Index Terms: power supply systems, environmental assessment, greenhouse gases, emissions of pollutants, ash and slag waste.
* Corresponding author. E-mail: maysyuk@isem.irk.ru
http://dx.doi.org/10.38028/esr.2022.02.0003 Received June 18, 2022. Revised July 11, 2022. Accepted July 30, 2022. Available online August 31, 2022.
This is an open access article under a Creative Commons Attribution-NonCommercial 4.0 International License.
© 2021 ESI SB RAS and authors. All rights reserved.
I. Introduction
The key areas of interaction between Russia and Mongolia are the joint development of the infrastructure in the transboundary territories and cooperation in the field of environmental protection, tourism, and energy (An agreement between the Government of the Russian Federation and the Government of Mongolia on support of interregional and cross-border cooperation of 03.09.2019, Ulaanbaatar).
The central part of the transboundary territory of Russia and Mongolia is occupied by a unique natural formation
- the Baikal-Khuvsgul basin. The Lake Khuvsgul basin, which is one of the main stable feeding sources of the Selenga river and, consequently, that of Lake Baikal, is virtually not yet affected by human activities. Lake Baikal is recognized as the oldest and deepest lake on the planet with the largest volume of fresh water [1]. It is included in the list of UNESCO World Heritage Sites.

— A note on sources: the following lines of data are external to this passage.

lemma sublinear_shift:
  fixes q :: "'v::real_vector \<Rightarrow> real" and a :: 'v
  assumes q: "sublinear q"
  defines "q' \<equiv> \<lambda>x. INF t\<in>{0::real..}. q (x + t *\<^sub>R a) - t * q a"
  shows "sublinear q'" and "q' \<le> q" and "q' (- a) \<le> - q a"
proof -
  have "- q (- x) \<le> q (x + t *\<^sub>R a) - t * q a" if "t \<ge> 0" for x t
    using sublinear_add[OF q, of "x + t *\<^sub>R a" "- x"] sublinear_scale_nonneg[OF q that] by simp
  then have bdd: "bdd_below ((\<lambda>t. q (x + t *\<^sub>R a) - t * q a) ` {0..})" for x
    by (auto intro!: bdd_belowI)
  have low: "q' x \<le> q (x + t *\<^sub>R a) - t * q a" if "t \<ge> 0" for x t
    unfolding q'_def using cINF_lower[OF bdd, of t x] that by simp
  have greatest: "m \<le> q' x" if "\<And>t. t \<ge> 0 \<Longrightarrow> m \<le> q (x + t *\<^sub>R a) - t * q a" for m x
    unfolding q'_def using that by (intro cINF_greatest) auto
  show "q' \<le> q" using low[of 0] by (simp add: le_fun_def)
  show "q' (- a) \<le> - q a" using low[of 1 "- a"] sublinear_zero[OF q] by simp
  show "sublinear q'"
  proof (rule sublinearI)
    fix x y
    have "q' (x + y) \<le> (q (x + t *\<^sub>R a) - t * q a) + (q (y + s *\<^sub>R a) - s * q a)"
      if "t \<ge> 0" "s \<ge> 0" for t s
    proof -
      have "(x + y) + (t + s) *\<^sub>R a = (x + t *\<^sub>R a) + (y + s *\<^sub>R a)"
        by (simp add: algebra_simps)
      then show ?thesis
        using low[of "t + s" "x + y"] that sublinear_add[OF q, of "x + t *\<^sub>R a" "y + s *\<^sub>R a"]
        by (simp add: algebra_simps)
    qed
    then have "q' (x + y) - (q (y + s *\<^sub>R a) - s * q a) \<le> q' x" if "s \<ge> 0" for s
      using that by (intro greatest) (simp add: algebra_simps)
    then have "q' (x + y) - q' x \<le> q' y"
      by (intro greatest) (simp add: algebra_simps)
    then show "q' (x + y) \<le> q' x + q' y" by simp
  next
    fix c :: real and x assume c: "c > 0"
    have "q' (c *\<^sub>R x) / c \<le> q (x + t *\<^sub>R a) - t * q a" if "t \<ge> 0" for t
    proof -
      have "c *\<^sub>R x + (c * t) *\<^sub>R a = c *\<^sub>R (x + t *\<^sub>R a)" by (simp add: algebra_simps)
      then show ?thesis
        using low[of "c * t" "c *\<^sub>R x"] that c sublinear_scale[OF q c, of "x + t *\<^sub>R a"]
        by (simp add: field_simps)
    qed
    then have "q' (c *\<^sub>R x) / c \<le> q' x" by (rule greatest)
    moreover have "c * q' x \<le> q (c *\<^sub>R x + t *\<^sub>R a) - t * q a" if "t \<ge> 0" for t
    proof -
      have "c *\<^sub>R (x + (t / c) *\<^sub>R a) = c *\<^sub>R x + t *\<^sub>R a" using c by (simp add: algebra_simps)
      then show ?thesis
        using low[of "t / c" x] that c sublinear_scale[OF q c, of "x + (t / c) *\<^sub>R a"]
        by (simp add: field_simps)
    qed
    then have "c * q' x \<le> q' (c *\<^sub>R x)" by (rule greatest)
    ultimately show "q' (c *\<^sub>R x) = c * q' x" using c by (simp add: field_simps)
  qed
qed

lemma minimal_sublinear_imp_linear:
  fixes m :: "'v::real_vector \<Rightarrow> real"
  assumes m: "sublinear m" and minimal: "\<And>q. sublinear q \<Longrightarrow> q \<le> m \<Longrightarrow> q = m"
  shows "linear m"
proof -
  have neg: "m (- a) = - m a" for a
  proof -
    \<comment> \<open>by minimality the shift along \<open>a\<close> changes nothing, and it forces \<open>m (- a) \<le> - m a\<close>\<close>
    define q where "q = (\<lambda>x. INF t\<in>{0::real..}. m (x + t *\<^sub>R a) - t * m a)"
    have "q = m"
      using minimal sublinear_shift(1,2)[OF m, of a] unfolding q_def by blast
    moreover have "q (- a) \<le> - m a"
      unfolding q_def using sublinear_shift(3)[OF m, of a] by simp
    ultimately have "m (- a) \<le> - m a" by simp
    then show ?thesis
      using sublinear_neg_le[OF m, of a] by simp
  qed
  show ?thesis
  proof (rule linearI)
    fix x y
    show "m (x + y) = m x + m y"
      using sublinear_add[OF m, of x y] sublinear_add[OF m, of "- x" "- y"] neg[of x] neg[of y]
        neg[of "x + y"] by simp
  next
    fix r :: real and x
    show "m (r *\<^sub>R x) = r *\<^sub>R m x"
    proof (cases "r \<ge> 0")
      case True then show ?thesis using sublinear_scale_nonneg[OF m True] by simp
    next
      case False
      then have "m (r *\<^sub>R x) = m (- ((- r) *\<^sub>R x))" by simp
      then show ?thesis using neg sublinear_scale_nonneg[OF m, of "- r"] False by simp
    qed
  qed
qed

The Baikal-Khuvsgul transboundary territory is a favorable area for the development of international tourism. It includes the Khuvsgul aimak of Mongolia and three districts that are part of the constituent entities of the Russian Federation (the Okinsky and Tunkinsky districts of the Republic of Buryatia, and the Slyudyansky district of the Irkutsk Region) [2]. Within the boundaries of the territory at issue, there is the Tunka national park, the Khuvsgul national park, many sanatoriums, recreation centers, and places for tourism and recreation. Lakes Baikal and Khuvsgul are connected by a road passing through the Tunka Valley. The area is dominated by mid-mountain relief, and there is the highest peak of the Sayan Mountains
- Mount Munku-Sardyk - on the Russian-Mongolian border, which is a popular sports tourism destination [3].
Currently, specially protected natural areas (SPNA) are actively involved in ecotourism and integrated into the socio-economic development [2]. One of the conditions for the successful sustainable development of ecotourism in the transboundary area is the creation of an environmentally friendly infrastructure to minimize environmental impact. This direction is consistent with the goals of the Strategy for the socio-economic development of the Russian Federation with a low level of greenhouse gas emissions until 2050 (Strategy for socio-economic
development of the Russia Federation with a low level of greenhouse gas emissions until 2050, approved by the Resolution of the Government of the Russian Federation No. 3052 of 29.102021.). The strategy measures involve replacing part of coal-fired generation with carbon-free and low-carbon ones; increasing electricity generation to meet the needs of the economy through carbon-free generation; reducing emissions from existing coal-fired generation plants through the introduction of advanced technologies.
Numerous works examine the strategies for low-carbon development of the ecotourism industry and minimization of anthropogenic impacts on protected areas. He et al. [4] models a low-carbon ecotourism system and a set of activities, including the municipal solid waste processing aimed at minimizing negative impacts on the ecosystem. Heshmati et al. [5] considers strategies for combining the development of ecotourism and the protection of natural resources using a SWOT analysis. The main proposed measures include regular patrolling and limiting destructive activities (poaching, arson, plastic waste dumping).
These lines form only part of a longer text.